Decía un escritor (no recuerdo quién, ni me voy a esforzar en recordarlo ahora) que LA FANTASÍA ES INOCENTE. Pero…cogiste la fantasía, la apaleaste, la culpaste, la enjuiciaste y la condenaste…a un kit-kat, a algo tan vulgar y tan rico como una barra de chocolate con galleta. Y allí quedó la Fantasía aplastada para siempre, mezclándose con el chocolate que va quedando derretido entre los dedos y que todo lo vuelve pegajoso y desagradable.

Pero resulta que nosotros lo único que teníamos era eso, era la Fantasía, así que con su condena nos condenamos nosotros.

Bueno, vosotros, los extraños, o tú, que ahora llegas aquí, te preguntarás qué es eso de la Fantasía. Y tendré que explicarlo, porque ya sabemos que la claridad es esencial en la literatura.

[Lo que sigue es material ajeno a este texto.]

text \<open>Since \<open>ab\<close> is the only edge leaving \<open>A\<close>, the vertices of \<open>G'\<close> with a deleted neighbour are
  exactly the two ends of the new edge (in case (a1.1): \<open>x\<^sub>1\<close> and \<open>x\<^sub>2\<close>), each with a single
  deleted neighbour. The new edge gives it back, and in case (a1.1) \<open>x\<^sub>1\<close>, \<open>x\<^sub>2\<close> drop from
  degree 3 to 2, so \<open>G'\<close> stays in the class. In a packing of \<open>G'\<close> at most one 2-path uses the new
  edge; it is rerouted through the deleted edge at \<open>z\<^sub>1\<close> or \<open>z\<^sub>2\<close>, or, when \<open>x\<^sub>1 = x\<^sub>2\<close>,
  through the triangle at \<open>x\<^sub>1\<close>, into a 2-path of \<open>G\<close> avoiding \<open>A\<close> and \<open>b\<close>. Adding the two
  disjoint 2-paths inside \<open>A\<close> plus \<open>b\<close> gives \<open>\<lambda>(G) \<ge> \<lambda>(G') + 2\<close>, while at most 8 vertices
  are deleted; hence \<open>\<lambda>(G') \<ge> v(G')/4\<close> implies \<open>\<lambda>(G) \<ge> (v(G') + 8)/4 \<ge> v(G)/4\<close>.\<close>

definition nbhd :: "'a graph \<Rightarrow> 'a \<Rightarrow> 'a set" where
  "nbhd G x = {y. {x, y} \<in> edges G}"

lemma mem_nbhd_commute: "y \<in> nbhd G x \<longleftrightarrow> x \<in> nbhd G y"
  by (simp add: nbhd_def insert_commute)

lemma mem_nbhd_iff_edge: "y \<in> nbhd G x \<longleftrightarrow> {x, y} \<in> edges G"
  by (simp add: nbhd_def)

lemma nbhd_subset_verts: "simple_graph G \<Longrightarrow> nbhd G x \<subseteq> verts G"
  unfolding simple_graph_def nbhd_def by (force simp: doubleton_eq_iff)

lemma not_mem_nbhd_self: "simple_graph G \<Longrightarrow> x \<notin> nbhd G x"
  unfolding simple_graph_def nbhd_def by force

lemma finite_nbhd: "simple_graph G \<Longrightarrow> finite (nbhd G x)"
  using nbhd_subset_verts simple_graph_def finite_subset by metis

lemma deg_eq_card_nbhd:
  assumes "simple_graph G"
  shows "deg G x = card (nbhd G x)"
proof -
  have "bij_betw (\<lambda>y. {x, y}) (nbhd G x) {e \<in> edges G. x \<in> e}"
  proof (rule bij_betwI')
    fix e assume "e \<in> {e \<in> edges G. x \<in> e}"
    then obtain u v where "e = {u, v}" "e \<in> edges G" "x \<in> e"
      using assms unfolding simple_graph_def by blast
    then show "\<exists>y\<in>nbhd G x. e = {x, y}"
      unfolding nbhd_def by (auto simp: insert_commute)
  qed (auto simp: nbhd_def doubleton_eq_iff)
  then show ?thesis
    unfolding deg_def by (simp add: bij_betw_same_card)
qed

lemma nbhd_eq_if_deg_2:
  assumes "simple_graph G" "deg G x = 2" "p \<in> nbhd G x" "q \<in> nbhd G x" "p \<noteq> q"
  shows "nbhd G x = {p, q}"
  using assms by (metis card_2_iff deg_eq_card_nbhd doubleton_eq_iff insertE singletonD)

lemma Gclass_iff_card_nbhd:
  "simple_graph G \<Longrightarrow>
    Gclass r s G \<longleftrightarrow> (\<forall>x\<in>verts G. r \<le> card (nbhd G x) \<and> card (nbhd G x) \<le> s)"
  by (simp add: Gclass_def deg_eq_card_nbhd)

lemma verts_del_verts [simp]: "verts (del_verts G R) = verts G - R"
  by (auto simp: del_verts_def induced_def verts_def)

lemma edges_del_verts: "edges (del_verts G R) = {e \<in> edges G. e \<subseteq> verts G - R}"
  by (auto simp: del_verts_def induced_def edges_def verts_def)

lemma verts_add_edge [simp]: "verts (add_edge G u v) = verts G"
  by (simp add: add_edge_def verts_def)

lemma edges_add_edge: "edges (add_edge G u v) = insert {u, v} (edges G)"
  by (simp add: add_edge_def edges_def)

lemma simple_graph_del_verts: "simple_graph G \<Longrightarrow> simple_graph (del_verts G R)"
  unfolding simple_graph_def edges_del_verts by (simp add: Ball_def) blast

lemma simple_graph_add_edge:
  "simple_graph G \<Longrightarrow> u \<noteq> v \<Longrightarrow> u \<in> verts G \<Longrightarrow> v \<in> verts G \<Longrightarrow> simple_graph (add_edge G u v)"
  unfolding simple_graph_def edges_add_edge by (simp only: verts_add_edge ball_simps) blast

lemma simple_graph_induced: "simple_graph G \<Longrightarrow> simple_graph (induced G W)"
  unfolding simple_graph_def induced_def verts_def edges_def by (auto 0 4)

lemma nbhd_del_verts:
  assumes "simple_graph G" "x \<notin> R"
  shows "nbhd (del_verts G R) x = nbhd G x - R"
proof -
  have "{x, y} \<subseteq> verts G" if "y \<in> nbhd G x" for y
    using that nbhd_subset_verts[OF assms(1)] mem_nbhd_commute[of y G x] by blast
  then show ?thesis
    using assms(2) by (auto simp: nbhd_def edges_del_verts)
qed

lemma nbhd_add_edge:
  "nbhd (add_edge G u v) x =
    nbhd G x \<union> (if x = u then {v} else {}) \<union> (if x = v then {u} else {})"
  by (auto simp: nbhd_def edges_add_edge doubleton_eq_iff)

lemma Gclass_2_3_del_verts:
  assumes G: "Gclass 2 3 G"
    and boundary: "\<And>w. w \<in> verts G - R \<Longrightarrow>
      nbhd G w \<inter> R = {} \<or> deg G w = 3 \<and> card (nbhd G w \<inter> R) = 1"
  shows "Gclass 2 3 (del_verts G R)"
proof -
  have sG: "simple_graph G" using G by (simp add: Gclass_def)
  have "2 \<le> card (nbhd G w - R) \<and> card (nbhd G w - R) \<le> 3" if "w \<in> verts G - R" for w
    using boundary[OF that] G that finite_nbhd[OF sG, of w] card_Diff_subset_Int[of "nbhd G w" R]
    by (auto simp: Gclass_iff_card_nbhd[OF sG] deg_eq_card_nbhd[OF sG] Diff_triv)
  then show ?thesis
    by (simp add: Gclass_iff_card_nbhd simple_graph_del_verts[OF sG] nbhd_del_verts[OF sG])
qed

lemma card_nbhd_add_edge_del_verts_endpoint:
  assumes sG: "simple_graph G" and u: "u \<notin> R" "u \<noteq> v" "v \<notin> nbhd G u"
    and one: "card (nbhd G u \<inter> R) = 1"
  shows "card (nbhd (add_edge (del_verts G R) u v) u) = card (nbhd G u)"
proof -
  have "nbhd (add_edge (del_verts G R) u v) u = insert v (nbhd G u - R)"
    using u by (auto simp: nbhd_add_edge nbhd_del_verts[OF sG])
  moreover have "card (nbhd G u - R) + 1 = card (nbhd G u)"
    using one finite_nbhd[OF sG, of u] card_Diff_subset_Int[of "nbhd G u" R]
      card_mono[OF finite_nbhd[OF sG] Int_lower1, of u R]
    by simp
  ultimately show ?thesis
    using u finite_nbhd[OF sG, of u] by simp
qed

Si alguna vez has escrito sabrás que suele haber conflicto con los personajes. Que a veces es tan personal lo que escribes que te cuesta romper el pudor y se crea un conflicto. Eso ocurre cuando eres tú el que escribes, tú solo. Pero, ¿qué ocurre cuando una pareja decide ponerse a escribir un relato, un cuento, cada uno un capítulo, donde crean dos personajes, espejo de cada cual, sólo para poder decirse lo que en una correspondencia normal jamás se atreverían, donde cada autor se vierte en su personaje, se deshace en él, y le utiliza para hacer cosas que él jamás ha hecho y que probablemente él nunca haga, o para decir cosas que nunca ha dicho y que probablemente nunca diga?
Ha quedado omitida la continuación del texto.